Samantabhadra (lit. 'Universal Worthy' or 'All Good') is a great bodhisattva in Buddhism associated with practice and meditation. Together with Shakyamuni Buddha and the bodhisattva Mañjuśrī, he forms the Shakyamuni Triad in Mahayana Buddhism. He is the patron of the Lotus Sutra and, according to the Avatamsaka Sutra, made the ten great vows which are the basis of a bodhisattva.

In Chinese Buddhism, Samantabhadra is known as Puxian and is associated with action, whereas Mañjuśrī is associated with prajñā (transcendent wisdom).

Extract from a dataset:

(* There exists a deterministic distributed algorithm with advice (an oracle together with an algorithm) that solves Selection in every anonymous port-labeled graph $G$ whose Selection index $\psi_S(G)$ is finite, using exactly $\psi_S(G)$ communication rounds and advice of size $O((\Delta-1)^{\psi_S(G)}\log \Delta)$, where $\Delta$ is the maximum degree of $G$.
   Context: Networks are simple undirected connected graphs without node identifiers; at each node of degree $d$ incident edges have distinct local port numbers $0,\dots,d-1$. Communication is in the synchronous LOCAL model (all nodes start together; each round every node exchanges arbitrary messages with all neighbors); initially a node knows only its degree. In the advice model, an oracle knowing the whole port-labeled graph $G$ gives the same binary string to all nodes at the start; its length is the size of advice. Selection: exactly one node outputs "leader" and all others output "non-leader". The Selection index $\psi_S(G)$ is the minimum number of rounds in which Selection can be solved on $G$ by a deterministic algorithm when every node knows the complete map of $G$ (an isomorphic copy with all port numbers); it is finite iff the views of all nodes are distinct, where the view of $v$ is the infinite tree of all finite paths from $v$ coded by their port-number sequences. *)

theory Defs
  imports Complex_Main
begin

As such, his name is often prefixed with the epiphet Daheng (大行; Dàhèng), meaning "He of Great Practice". In the Huayan tradition, he is regarded together with Vairocana Buddha and the bodhisattva Mañjuśrī as one of the "Three Noble Ones of Huayan" (華嚴三聖; Huāyán Sānshèng) due to their preeminence in the Avatamsaka Sutra. In the Chinese Pure Land tradition, the Chapter of the Practices and Vows of Bodhisattva Samantabhadra from the Avatamsaka Sutra where Samantabhadra expounds on his ten vows is often regarded as one of the "Five Pure Land sutras" that are seen as foundational texts. In Japan, Samantabhadra is known as Fugen, and is often venerated in Tendai and Shingon Buddhism. In the Nyingma school of Tibetan Buddhism, Samantabhadra is also the name of the Adi-Buddha, often portrayed in indivisible union (yab-yum) with his consort, Samantabhadrī. In wrathful form he is one of the Eight Herukas of the Nyingma Mahayoga and he is known as Vajramrtra, but this Samantabhadra buddha and Samantabhadra bodhisattva are not the same.

== In Mahayana sutras ==
In the Lotus Sūtra, Samantabhadra is described at length in the epilogue, called the Samantabhadra Meditation Sutra (觀普賢菩薩行法經 (Guān Pǔxián Púsà Xíngfǎ Jīng)), with special detail given to visualization of the bodhisattva, and the virtues of devotion to him.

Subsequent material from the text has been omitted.